Uh, not realizing that she didn't drink like me.
Uh, and, uh, I learned that early on.
I really thought I had found someone that I could just drink openly with and do that.
And what I found was I thought that would, would save me.
I thought that would change me, um, somehow.
I kind of secretly prayed that it would.
Um, when, when it came down to it, alcohol had a much stronger pull on me than being with someone, even though that's what I thought I wanted.
Um, and it, and it made me, um, I made the decision to, to hide that instead of face that.
Um.
Um, and so that, that went on for, um, a lot, uh, several years and, uh, it was a very, very hard, um, uh, thing to do.
I, I definitely, um, I know now doing some work that, you know, I use that relationship as a justification for, for that I couldn't be so bad.

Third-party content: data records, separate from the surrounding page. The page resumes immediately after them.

(* There exist domains $D_1$ and $D_2$ in $\mathbb{R}^2$ with $D_1\subset D_2$, such that $\mathbb{R}^2\setminus D_2$ contains at least two points, and a point $z\in D_1$ such that $$\lambda_{D_2}(z)=\lambda''_{D_2}(z)=\lambda'_{D_2}(z)>\lambda'_{D_1}(z)>\lambda''_{D_1}(z).$$ In particular $\lambda'_{D_2}(z)>\lambda'_{D_1}(z)$ and $\lambda''_{D_2}(z)>\lambda''_{D_1}(z)$.
   Context: Write $d(z,\partial D)=\inf\{|z-a|:a\in\partial D\}$ and $Q(z;a,b)=|z-a|\big(1+\big|\log\frac{|a-b|}{|z-a|}\big|\big)$ (equal to $+\infty$ when $a=b$). For a domain $D\subset\mathbb{R}^2$ whose complement contains at least two points and $z\in D$ define $1/\lambda_D(z)=\inf\{Q(z;a,b): a,b\in\mathbb{R}^2\setminus D\}$, $1/\lambda'_D(z)=\inf\{Q(z;a,b): a,b\in\partial D\}$, $1/\lambda''_D(z)=\inf\{Q(z;a,b): a,b\in\partial D,\ |z-a|=d(z,\partial D)\}$. *)

theory Defs
  imports "HOL-Analysis.Analysis"
begin

definition Qf :: "complex \<Rightarrow> complex \<Rightarrow> complex \<Rightarrow> ereal" where
  "Qf z a b = (if a = b then \<infinity>
     else ereal (cmod (z - a) * (1 + \<bar>ln (cmod (a - b) / cmod (z - a))\<bar>)))"

definition dist_bd :: "complex \<Rightarrow> complex set \<Rightarrow> real" where
  "dist_bd z D = Inf {cmod (z - a) | a. a \<in> frontier D}"

definition lam :: "complex set \<Rightarrow> complex \<Rightarrow> ereal" where
  "lam D z = inverse (Inf {Qf z a b | a b. a \<notin> D \<and> b \<notin> D})"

You know, maybe, maybe I, uh, maybe I was, uh, hurting some ways and maybe they didn't.
I didn't really see the full thing, but if this person is with me, if anyone is with me, then, you know, what, how could I be that bad?
These are just, you know, I, I can put that off or I can drink that thought away.
I can, I can, uh, drink towards oblivion.
And that, that was a lot of my day.
Uh, jobs were getting harder to keep.
Um, I could get them.
I had, I had, I couldn't understand why I had such a, uh, impressive resume.
Um.
Paper and, um, I couldn't understand why it was getting so long, why there was so many jobs on there.
Um, because, you know, in my own mind, I, I was pretty great.
Um, I remember I, I got my first, uh, management job and I thought, God, you know, finally, finally, someone's going to see how well I can do at this.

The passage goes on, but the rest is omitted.